1. Lazada Philippines

Lazada has cemented its reputation of being the leading online shopping mall, not just in the Philippines but in Southeast Asia. It has pioneered the e-commerce industry in the region by providing its consumers with a wide variety of products and multiple payment methods.

For the third quarter of this year, Lazada Philippines has garnered about 35,619,900 monthly website traffic. Despite its lead in the industry, it has consistently launched aggressive marketing campaigns to drive sales, such as huge monthly sales. The company’s most recent one-day sale, the 11.11 shopping festival, was reported to have record-breaking sales, with 1,141 Lazada sellers earning at least P1 million.

Today, Lazada Philippines continues to make headway with its marketing initiatives such as live-streaming events. According to a Lazada spokesperson, this aims to invoke a “See now. Buy now.” reaction to consumers. With this, the e-commerce giant was able to engage consumers with its “shoppertainment” strategy. Oftentimes, they invite over known celebrities and influencers to seal the deal.

2. Shopee


While newer to the game, Shopee has impressively climbed its way to second place with its catchy ads and tempting deals. The platform has over 300,000 active sellers (as of September 2018), has reaped more than 18 million website traffic, and has 21 million mobile downloads (both iOS and Android).

Shopee’s Regional Marketing Head Agatha Soh has attributed the company’s growth to prioritizing a great mobile experience for consumers and localizing their marketing efforts. Shopee created events and shows and has tapped several known personalities, such as BlackPink and the Korean boy group GOT7, which effectively engaged users and boosted sales.

Apart from this, Shopee has incorporated a value-added system called Shopee guarantee, where the company withholds payment until receipt of order. This is the company’s way of protecting its users from any fraudulent transactions. With this, Shopee users are assured of an easy and safe online shopping experience.

3. Zalora


What makes Zalora part of the top is its partnership with global fashion brands such as Mango and Adidas, as well as local labels like the___edit. The Southeast Asian e-commerce company, with 1.53 million monthly website traffic, has made it possible for users to enjoy various marketing promotions, like flash sales and discounts, without the hassle of going to the mall. In their most recent reports, Zalora earned as much as US$116.6 million. That’s P5.93 billion when converted.

4. Carousell


Following its merger with OLX Philippines, Carousell has claimed itself as the all-in-one preloved marketplace in the Philippines. According to Carousell Philippines General Manager Raffy Montemayor, bringing together both companies has made Carousell a bigger marketplace for its users. It places 4th on the list with its estimated 930,000 monthly web traffic.

5. eBay


Seeing its potential in the e-commerce industry, the worldwide leading e-commerce company eBay has expanded its reach to the Philippines. With its reputation, of course, it wasn’t hard for the site to reach the top five.
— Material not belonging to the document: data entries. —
(* For any sequence of points $u\in U$ converging to a vertex $p_i$, after passing to a subsequence, either $|\nabla\varphi(u)|\to\infty$ or $\nabla\varphi(u)$ converges to a point of $\partial C_{p_i}$.
   Context: $n\ge3$; $p_1,\dots,p_n\in\mathbb{R}^2_{(u_1,u_2)}$ are distinct vertices, in counterclockwise order, of a convex polygon with interior $U$; indices mod $n$. $A\ge0$, $V(u)=A+\sum_i\frac{1}{2|u-p_i|}$. For $b_1,\dots,b_n\in\mathbb{R}$, $\varphi:\overline U\to\mathbb{R}$ is the unique continuous convex function, smooth in $U$, with $\det D^2\varphi=V$ in $U$, $\varphi(p_i)=b_i$, and $\varphi$ affine linear on each edge $[p_i,p_{i+1}]$. The subgradient set at a vertex is $C_{p_i}=\{y\in\mathbb{R}^2:\varphi(u)-\varphi(p_i)\ge\langle y,u-p_i\rangle\ \forall u\in\overline U\}$. *)

theory Defs
  imports "HOL-Analysis.Analysis"
begin

definition cross2 :: "real^2 \<Rightarrow> real^2 \<Rightarrow> real" where
  "cross2 a b = a$1 * b$2 - a$2 * b$1"

text \<open>p 0, ..., p (n-1) are distinct vertices, in counterclockwise order, of a convex
  polygon: every other vertex lies strictly to the left of each directed edge
  p i -> p ((i+1) mod n).\<close>
definition ccw_convex_polygon :: "nat \<Rightarrow> (nat \<Rightarrow> real^2) \<Rightarrow> bool" where
  "ccw_convex_polygon n p \<longleftrightarrow> 3 \<le> n \<and> inj_on p {..<n} \<and>
     (\<forall>i<n. \<forall>j<n. j \<noteq> i \<and> j \<noteq> (i + 1) mod n \<longrightarrow>
        cross2 (p ((i + 1) mod n) - p i) (p j - p i) > 0)"
lemma independent_isolated_bound:
  assumes "x \<in> I" "2 \<le> card I" "T \<subseteq> K"
    and "\<And>y c. y \<in> I - {x} \<Longrightarrow> adj E y c \<Longrightarrow> c \<in> T"
  shows "t * real (card I) \<le> real (card T)"
proof -
  have "card (I - {x}) + 1 = card I" using card.remove[OF finite_I assms(1)] by simp
  moreover have "I - {x} \<noteq> {}"
  proof
    assume "I - {x} = {}"
    with calculation assms(2) show False by simp
  qed
  ultimately show ?thesis
    using isolating_cutset_bound[OF finite_V toughness t_pos, of T "I - {x}" x] assms partition
    by fastforce
qed

end

locale separated_pair = split_graph_tough +
  fixes x z u w :: 'a and S :: "'a set"
  assumes x_in_I: "x \<in> I"
    and nonadjacent: "z \<in> V" "z \<noteq> x" "\<not> adj E x z"
    and adj_x: "adj E x u" "adj E x w" and u_ne_w: "u \<noteq> w"
    and cut: "S \<subseteq> V" "u \<notin> S" "w \<notin> S"
    and separated: "(u, w) \<notin> conn_rel (V - S) (del_verts_E (E - {{u, w}}) S)"
    and cut_small: "real (card S) < t * real (ncomp (V - S) (del_verts_E (E - {{u, w}}) S))"
begin

abbreviation E_del :: "'a set set" where
  "E_del \<equiv> del_verts_E (E - {{u, w}}) S"

definition I_u :: "'a set" where "I_u = {y \<in> I - S. adj E u y}"
definition I_w :: "'a set" where "I_w = {y \<in> I - S. adj E w y}"
definition I_rest :: "'a set" where "I_rest = I - S - I_u - I_w"

lemma u_in_K: "u \<in> K" and w_in_K: "w \<in> K"
  using adj_independent_in_K[OF x_in_I] adj_x by auto

lemma u_in_V: "u \<in> V" and w_in_V: "w \<in> V"
  using u_in_K w_in_K partition(1) by auto

lemma card_cut_less: "ncomp (V - S) E_del \<le> n \<Longrightarrow> real (card S) < t * real n"
  using cut_small t_pos by (smt (verit) mult_left_mono of_nat_le_iff)

lemma common_neighbour_in_cut:
  assumes "adj E u c" "adj E w c"
  shows "c \<in> S"
proof (rule ccontr)
  assume c: "c \<notin> S"
  have cV: "c \<in> V" using adj_in_verts(2)[OF graph assms(1)] .
  have "u \<noteq> c" "w \<noteq> c" using assms by (auto simp: adj_def)
  then have "adj E_del u c" "adj E_del c w"
    using assms c cut adj_commute[of E c w] by (auto simp: adj_del_verts_E_Diff doubleton_eq_iff)
  then have "(u, c) \<in> conn_rel (V - S) E_del" "(c, w) \<in> conn_rel (V - S) E_del"
    using cV c cut u_in_V w_in_V by (auto intro: conn_rel_adj)
  then show False using separated conn_rel_trans[of u c] by blast
qed

lemma clique_minus_pair_subset_cut: "K - {u, w} \<subseteq> S"
proof
  fix c assume "c \<in> K - {u, w}"
  then show "c \<in> S"
    using adj_clique[OF u_in_K] adj_clique[OF w_in_K] common_neighbour_in_cut by blast
qed

lemma x_in_cut: "x \<in> S"
  using common_neighbour_in_cut adj_x adj_commute by metis

lemma card_cut: "card S + 2 = card K + card (I \<inter> S)"
proof -
  have "S = (K - {u, w}) \<union> (I \<inter> S)"
    using clique_minus_pair_subset_cut cut partition by auto
  moreover have "card ((K - {u, w}) \<union> (I \<inter> S)) = card (K - {u, w}) + card (I \<inter> S)"
    by (rule card_Un_disjoint) (use finite_K finite_I partition(2) in auto)
  ultimately have "card S = card (K - {u, w}) + card (I \<inter> S)" by simp
  moreover have "card (K - {u, w}) + 2 = card K"
    using card_Diff_subset[of "{u, w}" K] card_mono[OF finite_K, of "{u, w}"] u_in_K w_in_K u_ne_w
    by simp
  ultimately show ?thesis by simp
qed

lemma card_I_diff_cut: "card (I - S) = card I_rest + card I_u + card I_w"
proof -
  have "I - S = I_rest \<union> (I_u \<union> I_w)" and "I_u \<inter> I_w = {}"
    using common_neighbour_in_cut by (auto simp: I_rest_def I_u_def I_w_def)
  moreover have "finite I_rest" "finite I_u" "finite I_w"
    using finite_I by (auto simp: I_rest_def I_u_def I_w_def)
  moreover have "I_rest \<inter> (I_u \<union> I_w) = {}" by (auto simp: I_rest_def)
  ultimately show ?thesis by (simp add: card_Un_disjoint)
qed

text \<open>Every component of G - uw - S contains u, w or a vertex of I_rest.\<close>

lemma ncomp_le: "ncomp (V - S) E_del \<le> 2 + card I_rest"
proof -
  have "ncomp (V - S) E_del \<le> card ({u, w} \<union> I_rest)"
  proof (rule ncomp_le_card)
    show "finite ({u, w} \<union> I_rest)" using finite_I by (simp add: I_rest_def)
    fix v assume v: "v \<in> V - S"
    have "(v, v) \<in> conn_rel (V - S) E_del" using v by (rule conn_rel_refl)
    moreover have "v \<notin> K \<or> v = u \<or> v = w" using v clique_minus_pair_subset_cut by blast
    moreover have "{v, u} \<noteq> {u, w}" "{v, w} \<noteq> {u, w}" if "v \<in> I"
      using that partition(2) u_in_K w_in_K by (auto simp: doubleton_eq_iff)
    moreover have "(v, u) \<in> conn_rel (V - S) E_del" if "v \<in> I_u"
      using that v cut u_in_V adj_commute[of E v u] \<open>v \<in> I \<Longrightarrow> {v, u} \<noteq> {u, w}\<close>
      by (intro conn_rel_adj) (auto simp: I_u_def adj_del_verts_E_Diff)
    moreover have "(v, w) \<in> conn_rel (V - S) E_del" if "v \<in> I_w"
      using that v cut w_in_V adj_commute[of E v w] \<open>v \<in> I \<Longrightarrow> {v, w} \<noteq> {u, w}\<close>
      by (intro conn_rel_adj) (auto simp: I_w_def adj_del_verts_E_Diff)
    ultimately show "\<exists>r\<in>{u, w} \<union> I_rest. (v, r) \<in> conn_rel (V - S) E_del"
      using v partition(1) by (auto simp: I_rest_def)
  qed
  also have "\<dots> \<le> 2 + card I_rest"
    using card_Un_le[of "{u, w}" I_rest] card_insert_le_m1 by (simp add: u_ne_w)
  finally show ?thesis .
qed

lemma I_u_empty: "I_u = {}"
proof (rule ccontr)
  assume "I_u \<noteq> {}"
  then have "card I_u \<ge> 1" using finite_I by (simp add: I_u_def Suc_le_eq card_gt_0_iff)
  define Y where "Y = {y \<in> I. \<not> adj E w y}"
  have "I_rest \<union> I_u \<subseteq> Y" and "I_rest \<inter> I_u = {}"
    using common_neighbour_in_cut by (auto simp: Y_def I_rest_def I_u_def I_w_def)
  then have "card I_rest + card I_u \<le> card Y"
    using finite_I card_mono[of Y "I_rest \<union> I_u"]
    by (simp add: Y_def I_rest_def I_u_def card_Un_disjoint)
  have "t * (real (card Y) + 1) \<le> real (card (K - {w}))"
  proof (rule isolating_cutset_bound[OF finite_V toughness t_pos, where a = w])
    show "Y \<noteq> {}" using \<open>card I_rest + card I_u \<le> card Y\<close> \<open>card I_u \<ge> 1\<close> by auto
    fix y c assume "y \<in> Y" "adj E y c"
    then show "c \<in> K - {w}" using adj_independent_in_K adj_commute[of E y w] by (auto simp: Y_def)
  qed (use partition w_in_K in \<open>auto simp: Y_def\<close>)
  moreover have "real (card S) < t * (real (card Y) + 1)"
  proof -
    have "ncomp (V - S) E_del \<le> card Y + 1"
      using ncomp_le \<open>card I_rest + card I_u \<le> card Y\<close> \<open>card I_u \<ge> 1\<close> by linarith
    from card_cut_less[OF this] show ?thesis by (simp add: add.commute)
  qed
  moreover have "card (K - {w}) + 1 = card K" using card.remove[OF finite_K w_in_K] by simp
  moreover have "1 \<le> card (I \<inter> S)"
    using finite_I x_in_cut x_in_I by (auto simp: Suc_le_eq card_gt_0_iff)
  ultimately show False using card_cut by linarith
qed

lemma card_I_ge_2: "2 \<le> card I"
proof (rule ccontr)
  assume "\<not> 2 \<le> card I"
  then have I: "I = {x}" using x_in_I finite_I card_le_Suc0_iff_eq[OF finite_I] by force
  then have "I_rest = {}" "I \<inter> S = {x}" unfolding I_rest_def using x_in_cut by auto
  then have "real (card S) < t * 2" and "card S + 1 = card K"
    using card_cut_less[of 2] ncomp_le card_cut by auto
  moreover have "2 * t \<le> real (card (neighbourhood V E x))"
    using card_neighbourhood_ge[OF graph toughness t_pos _ nonadjacent] x_in_I partition(1) by blast
  moreover have "neighbourhood V E x \<subseteq> K - {z}"
    using neighbourhood_subset_K[OF x_in_I] nonadjacent(3) by (auto simp: neighbourhood_def)
  then have "card (neighbourhood V E x) \<le> card (K - {z})" using finite_K by (intro card_mono) auto
  moreover have "z \<in> K" using nonadjacent(1,2) partition(1) I by blast
  then have "card (K - {z}) + 1 = card K" using card.remove[OF finite_K] by simp
  ultimately show False by linarith
qed

lemma I_inter_cut: "I \<inter> S = {x}"
proof -
  have card_I: "card I = card (I \<inter> S) + card (I - S)"
    by (rule card_Int_Diff[OF finite_I])
  have "card (I \<inter> S) \<le> 1"
  proof (rule ccontr)
    assume "\<not> card (I \<inter> S) \<le> 1"
    have "t * real (card I) \<le> real (card K)"
      using independent_isolated_bound[OF x_in_I card_I_ge_2] adj_independent_in_K by blast
    moreover have "ncomp (V - S) E_del \<le> card I"
      using ncomp_le card_I_diff_cut card_I \<open>\<not> card (I \<inter> S) \<le> 1\<close> by linarith
    then have "real (card S) < t * real (card I)" by (rule card_cut_less)
    ultimately show False using card_cut \<open>\<not> card (I \<inter> S) \<le> 1\<close> by linarith
  qed
  then show ?thesis
    using x_in_I x_in_cut card_le_Suc0_iff_eq[of "I \<inter> S"] finite_I by auto
qed

lemma neighbours_in_I: "y \<in> I \<Longrightarrow> adj E u y \<Longrightarrow> y = x"
  using I_inter_cut I_u_empty by (auto simp: I_u_def)

lemma card_K_less: "real (card K) - 1 < t * (1 + real (card I))"
proof -
  have "ncomp (V - S) E_del \<le> 1 + card I"
    using ncomp_le card_I_diff_cut card_Int_Diff[OF finite_I, of S] I_inter_cut by simp
  then have "real (card S) < t * (1 + real (card I))" using card_cut_less by fastforce
  then show ?thesis using card_cut I_inter_cut by simp
qed

end

context split_graph_tough
begin

lemma critical_pair:
  assumes "x \<in> I" "z \<in> V" "z \<noteq> x" "\<not> adj E x z"
    and "adj E x u" "adj E x w" "u \<noteq> w"
    and "toughness V (E - {{u, w}}) < ereal t"
  shows "2 \<le> card I \<and> (\<forall>y\<in>I. adj E u y \<longrightarrow> y = x)
    \<and> real (card K) - 1 < t * (1 + real (card I))"
proof -
  obtain S where "S \<subseteq> V" "u \<notin> S" "w \<notin> S"
    "(u, w) \<notin> conn_rel (V - S) (del_verts_E (E - {{u, w}}) S)"
    "real (card S) < t * real (ncomp (V - S) (del_verts_E (E - {{u, w}}) S))"
    using critical_edge_separates[OF finite_V toughness assms(8)] .
  then interpret separated_pair t V E K I x z u w S
    using assms by unfold_locales auto
  show ?thesis using card_I_ge_2 neighbours_in_I card_K_less by blast
qed
(* Let $\Gamma$ be a Gromov hyperbolic graph and $c$ a vertex of $\Gamma$. Suppose: (1) every point of the Gromov boundary of $\Gamma$ is represented by a geodesic ray starting at $c$; (2) every vertex $v$ of $\Gamma$ is adjacent to a vertex $u$ with $d(u,c)=d(v,c)+1$. Suppose moreover there is $D>0$ such that for all $r\ge0$: (3) for every $z\in S_r(c)$ and every $x,y\in S_{r+1}(c)\cap B_1(z)$ there is a path $x=x_0,\dots,x_\ell=y$ with $x_i\in(\Gamma\setminus B_r(c))\cap B_D(x)$ for $0\le i\le\ell$; (4) for every adjacent pair $x,y\in S_r(c)$ there is a path $x=x_0,\dots,x_\ell=y$ with $x_i\in(\Gamma\setminus B_r(c))\cap B_D(x)$ for $0<i<\ell$. Then the Gromov boundary of $\Gamma$, with a visual metric, is linearly connected.
   Context: $d$ is the graph metric; $S_r(c)$ is the set of vertices at distance exactly $r$ from $c$ and $B_\rho(z)$ is the set of vertices at distance at most $\rho$ from $z$. A path is a sequence of vertices each adjacent to the next. A metric space $(X,d)$ is linearly connected if there is $L>0$ such that any $x,y\in X$ lie in a compact connected subset of diameter at most $L\,d(x,y)$. *)

theory Defs
  imports "HOL-Analysis.Analysis"
begin

text \<open>A (simple, undirected) graph on vertex type 'v is an adjacency relation E,
  symmetric and irreflexive. All elements of 'v are vertices.\<close>

definition simple_graph :: "('v \<Rightarrow> 'v \<Rightarrow> bool) \<Rightarrow> bool" where
  "simple_graph E \<longleftrightarrow> (\<forall>x y. E x y \<longrightarrow> E y x) \<and> (\<forall>x. \<not> E x x)"

definition is_path :: "('v \<Rightarrow> 'v \<Rightarrow> bool) \<Rightarrow> 'v list \<Rightarrow> bool" where
  "is_path E xs \<longleftrightarrow> xs \<noteq> [] \<and> (\<forall>i. Suc i < length xs \<longrightarrow> E (xs ! i) (xs ! Suc i))"

definition connected_graph :: "('v \<Rightarrow> 'v \<Rightarrow> bool) \<Rightarrow> bool" where
  "connected_graph E \<longleftrightarrow> (\<forall>x y. \<exists>xs. is_path E xs \<and> hd xs = x \<and> last xs = y)"

definition gdist :: "('v \<Rightarrow> 'v \<Rightarrow> bool) \<Rightarrow> 'v \<Rightarrow> 'v \<Rightarrow> nat" where
  "gdist E x y = (LEAST n. \<exists>xs. is_path E xs \<and> hd xs = x \<and> last xs = y \<and> length xs = Suc n)"

definition gprod :: "('v \<Rightarrow> 'v \<Rightarrow> bool) \<Rightarrow> 'v \<Rightarrow> 'v \<Rightarrow> 'v \<Rightarrow> real" where
  "gprod E w x y = (real (gdist E x w) + real (gdist E y w) - real (gdist E x y)) / 2"

definition gromov_hyperbolic_graph :: "('v \<Rightarrow> 'v \<Rightarrow> bool) \<Rightarrow> bool" where
  "gromov_hyperbolic_graph E \<longleftrightarrow> simple_graph E \<and> connected_graph E \<and>
     (\<exists>\<delta>\<ge>0. \<forall>w x y z. gprod E w x y \<ge> min (gprod E w x z) (gprod E w y z) - \<delta>)"
lemma mp_inverse_principal_minors:
  fixes A Y :: "complex mat"
  assumes A: "A \<in> carrier_mat m n" and Y: "Y \<in> carrier_mat 1 n" and i: "i < m"
  shows "row (Y * mp_inverse A) 0 $ i * dr (crank A) (A * cadj A) =
    (\<Sum>\<alpha>\<in>{\<alpha>\<in>index_sets (crank A) m. i \<in> \<alpha>}.
       principal_minor (replace_row (A * cadj A) i (row (Y * cadj A) 0)) \<alpha>)"
proof -
  define X where "X = mp_inverse A"
  have pX: "penrose A X" unfolding X_def by (rule penrose_mp_inverse[OF A])
  have X: "X \<in> carrier_mat n m" using pX A unfolding penrose_def by auto
  obtain F G where F: "F \<in> carrier_mat m (crank A)" and G: "G \<in> carrier_mat (crank A) n"
    and AFG: "A = F * G"
    using full_rank_factorization[OF A] by metis
  note d = carrier_matD[OF A] carrier_matD[OF F] carrier_matD[OF G] carrier_matD[OF X]
    carrier_matD[OF Y]
  have B: "A * cadj A \<in> carrier_mat m m" using A by auto
  define x where "x = row (Y * X) 0"
  have x: "x \<in> carrier_vec m" unfolding x_def by (rule row_carrier_vec) (use Y X in auto)
  have "Y * cadj A = Y * (X * (A * cadj A))" by (simp only: penrose_mult_gram[OF pX])
  also have "\<dots> = Y * X * (A * cadj A)" using d by (simp add: mult_mat_assoc)
  finally have g: "row (Y * cadj A) 0 = transpose_mat (A * cadj A) *\<^sub>v x"
    unfolding x_def using row_mult_eq_transpose_mult_vec[OF _ B, of "Y * X"] Y X by simp
  \<comment> \<open>\<open>x\<close> lies in the row space of \<open>A\<^sup>* = G\<^sup>* F\<^sup>*\<close>, which has rank at most \<open>crank A\<close>\<close>
  define W where "W = Y * X * cadj X * cadj G"
  have W: "W \<in> carrier_mat 1 (crank A)" unfolding W_def using Y X G by auto
  have cadjA: "cadj A = cadj G * cadj F" unfolding AFG using d by (simp add: cadj_mult)
  have "Y * X = Y * (X * cadj X * cadj A)"
    using penrose_eq_mult_cadj[OF pX] by (rule arg_cong)
  also have "\<dots> = Y * (X * cadj X * (cadj G * cadj F))" by (simp only: cadjA)
  also have "\<dots> = W * cadj F" unfolding W_def using d by (simp add: mult_mat_assoc)
  finally have "x = row (W * cadj F) 0" unfolding x_def by (rule arg_cong)
  moreover have "A * cadj A = A * cadj G * cadj F"
    unfolding cadjA using d by (simp add: mult_mat_assoc)
  ultimately have low_rank: "replace_row (A * cadj A) i x = replace_row (A * cadj G) i (row W 0) * cadj F"
    using replace_row_mult[OF _ cadj_carrier_mat[OF F] W, of "A * cadj G" m i] A G by simp
  have "replace_row (A * cadj G) i (row W 0) \<in> carrier_mat m (crank A)"
    using A G by (auto intro!: carrier_matI)
  from principal_minors_replace_row_transpose_mult[OF B x i this cadj_carrier_mat[OF F] low_rank]
  show ?thesis unfolding X_def[symmetric] x_def[symmetric] g .
qed

theorem theorem3p3:
  fixes A :: "complex mat" and y :: "complex vec" and m n r :: nat
  assumes A: "A \<in> carrier_mat m n"
    and y: "y \<in> carrier_vec n"
  defines "x0 \<equiv> row (mat_of_rows n [y] * mp_inverse A) 0"
    and "g \<equiv> row (mat_of_rows n [y] * cadj A) 0"
  shows "(crank A = m \<longrightarrow>
           (\<forall>i<m. x0 $ i = det (replace_row (A * cadj A) i g) / det (A * cadj A)))
       \<and> (crank A = r \<and> r \<le> n \<and> n < m \<longrightarrow>
           (\<forall>i<m. x0 $ i =
              (\<Sum>\<alpha>\<in>{\<alpha>\<in>index_sets r m. i \<in> \<alpha>}.
                   principal_minor (replace_row (A * cadj A) i g) \<alpha>)
              / dr r (A * cadj A)))"
proof -
  have B: "A * cadj A \<in> carrier_mat m m" using A by auto
  have Y: "mat_of_rows n [y] \<in> carrier_mat 1 n" using y by auto
  \<comment> \<open>valid for every rank\<close>
  have formula: "x0 $ i = (\<Sum>\<alpha>\<in>{\<alpha>\<in>index_sets (crank A) m. i \<in> \<alpha>}.
      principal_minor (replace_row (A * cadj A) i g) \<alpha>) / dr (crank A) (A * cadj A)" if "i < m" for i
    using mp_inverse_principal_minors[OF A Y that] dr_crank_gram_nonzero[OF A]
    unfolding x0_def g_def by (simp add: eq_divide_eq)
  have "{\<alpha>\<in>index_sets m m. i \<in> \<alpha>} = {{..<m}}" if "i < m" for i
    using that by (auto simp: index_sets_self)
  hence "x0 $ i = det (replace_row (A * cadj A) i g) / det (A * cadj A)"
    if "crank A = m" "i < m" for i
    using formula[of i] that B by (simp add: dr_self principal_minor_lessThan)
  thus ?thesis using formula by blast
qed

end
Today, it has a monthly traffic of 880,000 on its website.

The e-commerce giant is ensuring its position in the Philippine e-commerce industry by opening up the platform to Filipino SMEs. eBay Southeast Asia’s Head of Strategy and Operations Kevin Kwan explains the platform has been tailored to fit the demand of the Filipino market. Moreover, he hinted of bigger things to come its users.

6. Globe Online Shop


Functioning under one of the largest telecom companies in the Philippines, Globe Online Shop offers an easy online platform for consumers to avail mobile devices, plans, apparel, and more. The site has made it more convenient for users to avail of Globe’s services, which is apparent with its 840,000 monthly web visitors.

The Globe Online Shop has launched various marketing promotions such as gadget sales, discounts, and promos such as pre-orders and installment plans for the new iPhone 11.

7. Metrodeal

When it comes to coupons, deals, and promotions for establishments, Metrodeal has made a name for itself. Founded by Ralph Manalo Wunsch in 2011, the company is still one of the top e-commerce sites in the Philippines, accumulating around 770,000 site visitors.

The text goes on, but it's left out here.